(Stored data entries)

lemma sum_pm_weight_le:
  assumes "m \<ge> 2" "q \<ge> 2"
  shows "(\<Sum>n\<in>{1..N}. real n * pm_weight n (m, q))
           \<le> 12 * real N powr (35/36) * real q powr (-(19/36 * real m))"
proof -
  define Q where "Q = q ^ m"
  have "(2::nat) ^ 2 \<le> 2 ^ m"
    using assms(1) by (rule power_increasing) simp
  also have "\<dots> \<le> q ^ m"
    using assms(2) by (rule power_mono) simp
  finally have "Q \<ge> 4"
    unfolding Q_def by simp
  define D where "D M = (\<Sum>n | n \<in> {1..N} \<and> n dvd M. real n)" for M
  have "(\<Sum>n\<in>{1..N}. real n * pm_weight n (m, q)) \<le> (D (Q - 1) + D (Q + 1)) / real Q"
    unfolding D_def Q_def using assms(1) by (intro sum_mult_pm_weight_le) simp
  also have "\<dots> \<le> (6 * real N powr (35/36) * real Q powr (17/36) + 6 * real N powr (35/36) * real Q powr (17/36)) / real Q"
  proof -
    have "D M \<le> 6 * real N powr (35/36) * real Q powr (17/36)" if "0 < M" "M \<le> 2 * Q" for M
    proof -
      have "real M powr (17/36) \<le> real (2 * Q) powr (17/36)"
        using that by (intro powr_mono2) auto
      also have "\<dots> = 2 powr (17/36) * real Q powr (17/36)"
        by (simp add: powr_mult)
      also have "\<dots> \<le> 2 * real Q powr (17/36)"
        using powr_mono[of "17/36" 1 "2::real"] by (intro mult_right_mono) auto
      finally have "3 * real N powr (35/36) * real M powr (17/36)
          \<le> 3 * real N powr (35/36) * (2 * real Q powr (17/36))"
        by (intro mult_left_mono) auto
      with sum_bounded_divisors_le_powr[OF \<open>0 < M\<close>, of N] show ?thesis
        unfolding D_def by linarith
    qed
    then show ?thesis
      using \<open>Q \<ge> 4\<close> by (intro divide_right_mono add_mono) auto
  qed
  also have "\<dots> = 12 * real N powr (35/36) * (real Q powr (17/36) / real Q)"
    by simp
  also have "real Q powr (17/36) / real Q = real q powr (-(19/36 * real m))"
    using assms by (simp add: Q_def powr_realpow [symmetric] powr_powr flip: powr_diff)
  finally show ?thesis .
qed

• **Assigned task**: Extract the first line above and each line after it up to and including the one with "n (m, q)) \<le>", please, exactly and with nothing else.

• **Solution to this exercise**:
lemma sum_pm_weight_le:
  assumes "m \<ge> 2" "q \<ge> 2"
  shows "(\<Sum>n\<in>{1..N}. real n * pm_weight n (m, q))
           \<le> 12 * real N powr (35/36) * real q powr (-(19/36 * real m))"
proof -
  define Q where "Q = q ^ m"
  have "(2::nat) ^ 2 \<le> 2 ^ m"
    using assms(1) by (rule power_increasing) simp
  also have "\<dots> \<le> q ^ m"
    using assms(2) by (rule power_mono) simp
  finally have "Q \<ge> 4"
    unfolding Q_def by simp
  define D where "D M = (\<Sum>n | n \<in> {1..N} \<and> n dvd M. real n)" for M
  have "(\<Sum>n\<in>{1..N}. real n * pm_weight n (m, q)) \<le> (D (Q - 1) + D (Q + 1)) / real Q"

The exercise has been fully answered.